当院ではクリ-ンコロン(大腸内に腺腫性ポリープが認められなくなる状態)を目指していますので、1回の検査で(φ5㎜以下のものも含め)腺腫性ポリープはすべて切除しています。従って、整った条件(前処置良好、鎮痙剤使用可)で検査を完遂できていれば、ポリープ癌を切除した人は1年後、腺腫性ポリープを切除した人は2-3年後、内視鏡検査で2回続けて腺腫性ポリープの見つからなかった方は5-10年後でよいと考えています。

ちなみに、米国のガイドラインでは大腸腺腫摘除後の初回サーベイランスは高リスク症例(1回目の検査で1㎝以上の腺腫もしくは3個以上の腺腫が見つかった人)で3年、それ以外の低リスク症例で5-10年が推奨されています。日本においてもJapan Polyp Studyにおいて腺腫摘除後初回サーベイランス検査の至適間隔は3年が示唆されています。

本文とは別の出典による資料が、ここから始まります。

(* Let $m\ge 2$, let the key set $\{k_1,\dots,k_m\}$ be $\epsilon$-JL with $\epsilon\le\frac{1}{m^2(m-1)}$, and let the values satisfy $\langle v_i,v_i\rangle=1$ for all $i$ and $|\langle v_i,v_j\rangle|\le\alpha$ for all $i\neq j$, where $\alpha<\frac{m-1}{m+1}$. Then for every $m$-repetitive MQAR stream over $S$, every $0\le t\le N$, and every $i$ with $r_i^{(t)}>0$, the decoding step applied to the query $k_i$ and the gradient-descent state $W^{(t)}$ outputs exactly $v_i$. Thus gradient descent with decoding solves $m$-repetitive MQAR exactly using a state of $d^2$ parameters.
   Context: All vectors are row vectors in $\mathbb{R}^{1\times d}$. Fix $m\ge 1$ and a set $S=\{(k_1,v_1),\dots,(k_m,v_m)\}$ with $k_1,\dots,k_m\in\mathbb{R}^{1\times d}$ pairwise distinct and $v_1,\dots,v_m\in\mathbb{R}^{1\times d}$. An $m$-repetitive MQAR stream is a sequence $(k^{(1)},v^{(1)}),\dots,(k^{(N)},v^{(N)})$ with $(k^{(t)},v^{(t)})\in S$ for every $t$. For $0\le t\le N$ and $i\in\{1,\dots,m\}$, $r_i^{(t)}$ denotes the number of $s\in\{1,\dots,t\}$ with $(k^{(s)},v^{(s)})=(k_i,v_i)$. The key set is $\epsilon$-JL if $\langle k_i,k_i\rangle=1$ for all $i$ and $|\langle k_i,k_j\rangle|\le\epsilon$ for all $i\neq j$. The gradient-descent (delta-rule) state is the sequence of matrices $W^{(t)}\in\mathbb{R}^{d\times d}$ defined by $W^{(0)}=0$ and $W^{(t+1)}=W^{(t)}-(k^{(t+1)})^{\top}k^{(t+1)}W^{(t)}+(k^{(t+1)})^{\top}v^{(t+1)}$ for $0\le t<N$. Decoding step: given a query $k_i$ and a state $W$, output $v_{i^*}$ where $i^*=\arg\max_{i'\in\{1,\dots,m\}}\langle v_{i'},k_iW\rangle$. *)

theory Defs
  imports "HOL-Analysis.Analysis"
begin
(* Let $X$ be a pure $d$-dimensional weighted simplicial complex with $d\ge2$, whose 1-skeleton is connected and such that for every vertex $v\in X(0)$ the 1-skeleton of the link $X_v$ is connected. Let $\lambda\in(0,1]$ and suppose that for every vertex $v\in X(0)$, every nonzero eigenvalue of the Laplacian $L_v=I-A_v$ of the 1-skeleton of $X_v$ is at least $\lambda$. Then every nonzero eigenvalue of the Laplacian $L=I-A$ of the 1-skeleton of $X$ is at least $2-\frac1\lambda$.
   Context: A pure $d$-dimensional simplicial complex $X$ is a finite family of finite sets closed under taking subsets, all of whose maximal members have $d+1$ elements; $X(i)$ denotes the set of faces with $i+1$ elements. A weighted complex is equipped with a probability distribution $\Pi$ on $X(d)$; the weight of $\tau\in X(i)$ is $w(\tau)=\binom{d+1}{i+1}^{-1}\sum_{\sigma\in X(d),\,\sigma\supseteq\tau}\Pi(\sigma)$. The link of $\tau$ is $X_\tau=\{\sigma\setminus\tau:\ \tau\subseteq\sigma\in X\}$, weighted by the distribution $\Pi_\tau(\eta)=\Pi(\eta\cup\tau)/\sum_{\sigma\in X(d),\sigma\supseteq\tau}\Pi(\sigma)$ on its top faces, with induced weights $w_\tau$ defined by the same formula. For a weighted complex $Y$ of dimension $\ge1$, its normalized adjacency operator $A$ acts on $f:Y(0)\to\mathbb R$ by $(Af)(v)=\sum_{u:\{u,v\}\in Y(1)}\frac{w(\{v,u\})}{2w(v)}f(u)$; it is self-adjoint with respect to $\langle f,g\rangle=\sum_v w(v)f(v)g(v)$. The Laplacian is $I-A$; its eigenvalues are real and lie in $[0,2]$, and $0$ is an eigenvalue with the constant functions as eigenvectors. $A_v$ denotes the adjacency operator of the 1-skeleton of $X_v$ with the link weights $w_v$. *)

theory Defs
  imports Complex_Main
begin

日本では毎年沢山の方が大腸内視鏡検査を受けておられますが、検査の施行件数のわりに大腸癌死亡数が減っていません。これは、検査を受ける方は年に1回受けておられるのに対し、検査を1回も受けたことのない方が減らないためと言われています。

大腸癌検診について

今後、高齢化に伴い大腸癌死亡数は益々増えると思われますが、この“検査を1回も受けたことのない方”にいかに大腸内視鏡検査を受けていただくかが、大腸癌死亡数を減らすための大きなカギになると思われます。
なぜなら、米国では大腸癌1次検診に大腸内視鏡検査を導入(50-75歳を対象に10年に1回施行)し、‟検査を1回も受けたことのない方”を減らすことで、大腸癌死亡数を半減させることに成功したからです。

日本でも大腸癌検診のあり方については様々な議論がなされていますが、例えば「60歳になったら還暦祝いに無料で大腸内視鏡の市民検診が受けれます」というような思い切った検診改革が必要な時期にきているのかもしれません。

当院も微力ではありますが、大腸癌死亡数減少のために全力で取り組んで参りますので今後とも宜しくお願い申しあげます。